On the economic level, I have had a significant reduction in my revenues due to the economic slump brought on by the pandemic. I have also had to reduce my fees to enable my clients to afford the services.
I have also had to continue paying my domestic worker even though she does not come to work as she lives in an informal sector. She told me that the majority of her neighbours have been relieved of their duties without payment, leaving hundreds of families with no livelihood.
The situation also affects my professional activities: due to hospital restrictions, I am unable to accompany my clients during labour and delivery as most hospitals are either not allowing or allowing only one support person for a woman in labour.
I have had to innovate to be able to offer some virtual support services for women in labour, lactation support or infant care sessions. I have had to move my childbirth classes online as physical classes are restricted.
Only now, I can see my clients in urgent breastfeeding cases at their home and I ensure that I wear my PPEs during the sessions.

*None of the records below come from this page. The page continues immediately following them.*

lemma int_quad_add:
  "int_quad (p + q) = int_quad p + int_quad q + int_symp p q + 2 * int_inner (snd p) (fst q)"
  by (simp add: int_quad_def int_symp_def int_inner_def sum.distrib algebra_simps sum_distrib_left)

lemma exp_pi_int: "exp (pi * \<i> * of_int k) = (if even k then 1 else -1)"
proof (cases "even k")
  case True
  then obtain j where "k = 2 * j"
    by blast
  then show ?thesis
    using True by (simp add: exp_eq_1)
next
  case False
  then obtain j where j: "k = 2 * j + 1"
    using oddE by blast
  have "exp (pi * \<i> * of_int k) = exp (2 * pi * \<i> * of_int j) * exp (pi * \<i>)"
    by (simp add: j exp_add[symmetric] algebra_simps)
  also have "\<dots> = -1"
    by (simp add: exp_eq_1)
  finally show ?thesis
    using False by simp
qed

lemma estar_half_char: "estar (half_char p) = (if even (int_quad p) then 1 else -1)"
proof -
  have "estar (half_char p) = exp (pi * \<i> * of_int (int_quad p))"
    by (simp add: estar_def half_char_def ivec6_def inner_ivec int_quad_def mult.assoc)
  then show ?thesis
    by (simp add: exp_pi_int)
qed

lemma half_of_int_Ints_iff: "(of_int k / 2 :: real) \<in> \<int> \<longleftrightarrow> even k"
proof
  assume "(of_int k / 2 :: real) \<in> \<int>"
  then obtain j where "(of_int k / 2 :: real) = of_int j"
    by (auto elim: Ints_cases)
  then have "k = 2 * j"
    by linarith
  then show "even k"
    by simp
qed (auto elim: evenE)

lemma half_char_nth [simp]:
  "fst (half_char p) $ i = of_int (fst p $ i) / 2" "snd (half_char p) $ i = of_int (snd p $ i) / 2"
  by (simp_all add: half_char_def ivec6_def ivec_def)

lemma half_int_vec_half_char: "half_int_vec (half_char p)"
  by (simp add: half_int_vec_def)

lemma int_vec_half_char_iff:
  "int_vec (half_char p) \<longleftrightarrow> (\<forall>i. even (fst p $ i)) \<and> (\<forall>i. even (snd p $ i))"
  by (simp add: int_vec_def half_of_int_Ints_iff)

lemma cong6_half_char_iff:
  "cong6 (half_char p) (half_char q) \<longleftrightarrow>
    (\<forall>i. even (fst p $ i - fst q $ i)) \<and> (\<forall>i. even (snd p $ i - snd q $ i))"
proof -
  have "half_char p - half_char q = half_char (p - q)"
    by (simp add: half_char_def ivec6_def ivec_def vec_eq_iff algebra_simps)
  then show ?thesis
    by (simp only: cong6_iff_int_vec int_vec_half_char_iff fst_diff snd_diff vector_minus_component)
qed

lemma half_int_minus_parity_Ints:
  fixes r :: real
  assumes "2 * r \<in> \<int>"
  shows "r - of_int (\<lfloor>2 * r\<rfloor> mod 2) / 2 \<in> \<int>"
proof -
  obtain k :: int where k: "2 * r = of_int k"
    using assms by (auto elim: Ints_cases)
  have "real_of_int k = 2 * of_int (k div 2) + of_int (k mod 2)"
    by (metis div_mult_mod_eq mult.commute of_int_add of_int_mult of_int_numeral)
  then have "r - of_int (k mod 2) / 2 = of_int (k div 2)"
    using k by linarith
  moreover have "\<lfloor>2 * r\<rfloor> = k"
    using k by simp
  ultimately show ?thesis
    by simp
qed

lemma half_int_vec_cong6_half_char:
  assumes "half_int_vec x"
  obtains p where "\<forall>i. fst p $ i \<in> {0, 1}" "\<forall>i. snd p $ i \<in> {0, 1}" "cong6 x (half_char p)"
proof -
  define p where "p = ((\<chi> i. \<lfloor>2 * fst x $ i\<rfloor> mod 2), (\<chi> i. \<lfloor>2 * snd x $ i\<rfloor> mod 2))"
  have "fst (x - half_char p) $ i \<in> \<int> \<and> snd (x - half_char p) $ i \<in> \<int>" for i
  proof -
    have "2 * fst x $ i \<in> \<int>" "2 * snd x $ i \<in> \<int>"
      using assms by (auto simp: half_int_vec_def)
    from this[THEN half_int_minus_parity_Ints] show ?thesis
      by (simp only: p_def fst_diff snd_diff vector_minus_component half_char_nth vec_lambda_beta
          fst_conv snd_conv)
  qed
  then have "cong6 x (half_char p)"
    unfolding cong6_iff_int_vec int_vec_def by blast
  moreover have "\<forall>i. fst p $ i \<in> {0, 1}" "\<forall>i. snd p $ i \<in> {0, 1}"
    by (auto simp: p_def)
  ultimately show ?thesis
    using that by blast
qed

section \<open>Transvections\<close>

lemma symp_add_left: "symp (x + y) z = symp x z + symp y z"
  and symp_add_right: "symp x (y + z) = symp x y + symp x z"
  and symp_scaleR_left: "symp (c *\<^sub>R x) z = c * symp x z"
  and symp_scaleR_right: "symp x (c *\<^sub>R z) = c * symp x z"
  and symp_commute: "symp y x = - symp x y"
  by (simp_all add: symp_def inner_add_left inner_add_right inner_commute algebra_simps)

lemma symp_self: "symp x x = 0"
  using symp_commute[of x x] by simp

definition outer :: "int^3 \<Rightarrow> int^3 \<Rightarrow> int^3^3" where
  "outer a b = (\<chi> i j. a $ i * b $ j)"

definition transv :: "(int^3) \<times> (int^3) \<Rightarrow> mat6" where
  "transv v = (mat 1 + outer (fst v) (snd v), - outer (fst v) (fst v),
               outer (snd v) (snd v), mat 1 - outer (snd v) (fst v))"

lemma apply6_transv: "apply6 (transv v) x = x + symp x (ivec6 v) *\<^sub>R ivec6 v"
  by (simp add: apply6_def transv_def prod_eq_iff vec_eq_iff forall_3 matrix_vector_mult_def
      sum_3 rmat_def outer_def mat_def symp_def inner_vec_def ivec6_def ivec_def algebra_simps)

lemma transv_Sp6: "transv v \<in> Sp6"
proof -
  have "symp (x + symp x V *\<^sub>R V) (y + symp y V *\<^sub>R V) = symp x y" for x y V
    by (simp add: symp_add_left symp_add_right symp_scaleR_left symp_scaleR_right symp_self
        symp_commute[of V] algebra_simps)
  then show ?thesis
    by (simp add: Sp6_def apply6_transv)
qed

From your experience as a health expert, how does the health sector in Kenya absorb the crisis? What are the challenges?
There has been a significant drop in people seeking health services in hospitals and some private hospitals have even had to lay off some of their staff as people avoid the hospitals. The quarantine centres provided by the government, however, are becoming overwhelmed by the numbers of patients, which has led to the government recently introducing guidelines for home-care for COVID-19 positive patients who do not need specialised care in a hospital to be able to decongest the quarantine centres. There is still a very limited number of PPEs for medical personnel and specialised equipment like intensive care units and ventilators, which would result in a big crisis if there was a spike of patients that need specialised care.
Are there specific challenges regarding women, mother-to-be and young mother’s health?
The greatest challenge I have noted is that because the new mothers are being discharged very quickly from hospital, there are going home with very limited information in infant care and breastfeeding leading to cases of infant dehydration or poor weight gain due to breastfeeding challenges, cord infection, etc. Likewise, some women have ended up giving birth at home without skilled support due to the curfew as they lacked the means to get to hospital or fear of venturing out at night. Moreover, some mothers develop a fear of going to hospitals and don’t attend to their pre-natal clinics or even take their newborns for vaccinations fearing getting infected with the virus.
Is there any other aspect about COVID-19 in Kenya you would like to draw the reader’s attention to, either from a personal point of view or as a health expert?
Delay in health seeking behaviour may eventually cause more deaths than the virus itself as people wait too long to go to hospitals leading to complications from infections that are treatable when caught early
How do you see the situation in next few months in Kenya? What will be the main challenges? And what are your hopes?
People will be forced to go back to their usual economic activity to be able to make ends meet. However, this may lead to large spikes of infection which in turn may overwhelm our already strained health systems. The hope is that people will continue to follow the guidelines provided to be able to keep safe and lessen the chances of infection as we await a vaccine.